(Beginning of Data extract)

(* Let $q_0>0$, $\alpha\in\mathbb{R}$, $\theta_+\in(0,\pi)\setminus\{\pi/2\}$, and set $\xi(x,t)=q_0x\sin\theta_++\tfrac12\alpha t\tan\theta_+$. Then $q(x,t)=q_0e^{i\alpha t}\cos\!\big(\theta_+-i\xi(x,t)\big)\,\mathrm{sech}\,\xi(x,t)=q_0e^{i\alpha t}\big(\cos\theta_++i\sin\theta_+\tanh\xi\big)$ and $s(x,t)=\tfrac12 q_0\alpha\sin\theta_+\tan\theta_+\,\mathrm{sech}^2\xi(x,t)$ are smooth (nonsingular) on $\mathbb{R}^2$ and satisfy the nonlocal Sinh-Gordon system $q_{xt}(x,t)+2s(x,t)q(x,t)=0$, $s_x(x,t)=-\partial_t\big(q(x,t)q(-x,-t)\big)$, with $s(-x,-t)=s(x,t)$, $s(x,t)\to0$ as $|x|\to\infty$, and $q(x,t)\to q_0e^{i(\alpha t\pm\theta_+)}$ as $x\to\pm\infty$. *)

theory Defs
  imports "HOL-Analysis.Analysis"
begin

definition sech :: "real \<Rightarrow> real" where
  "sech y = 1 / cosh y"

definition xi_fn :: "real \<Rightarrow> real \<Rightarrow> real \<Rightarrow> real \<Rightarrow> real \<Rightarrow> real" where
  "xi_fn q0 \<alpha> \<theta> x t = q0 * x * sin \<theta> + (1/2) * \<alpha> * t * tan \<theta>"

definition q_fn :: "real \<Rightarrow> real \<Rightarrow> real \<Rightarrow> real \<Rightarrow> real \<Rightarrow> complex" where
  "q_fn q0 \<alpha> \<theta> x t =
     complex_of_real q0 * exp (\<i> * complex_of_real (\<alpha> * t))
     * cos (complex_of_real \<theta> - \<i> * complex_of_real (xi_fn q0 \<alpha> \<theta> x t))
     * complex_of_real (sech (xi_fn q0 \<alpha> \<theta> x t))"

definition s_fn :: "real \<Rightarrow> real \<Rightarrow> real \<Rightarrow> real \<Rightarrow> real \<Rightarrow> real" where
  "s_fn q0 \<alpha> \<theta> x t = (1/2) * q0 * \<alpha> * sin \<theta> * tan \<theta> * (sech (xi_fn q0 \<alpha> \<theta> x t))^2"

(End of Data extract)

§ Task brief: Show every line from the entries above in which "where" appears.

§ Output below:
definition sech :: "real \<Rightarrow> real" where
definition xi_fn :: "real \<Rightarrow> real \<Rightarrow> real \<Rightarrow> real \<Rightarrow> real \<Rightarrow> real" where
definition q_fn :: "real \<Rightarrow> real \<Rightarrow> real \<Rightarrow> real \<Rightarrow> real \<Rightarrow> complex" where
definition s_fn :: "real \<Rightarrow> real \<Rightarrow> real \<Rightarrow> real \<Rightarrow> real \<Rightarrow> real" where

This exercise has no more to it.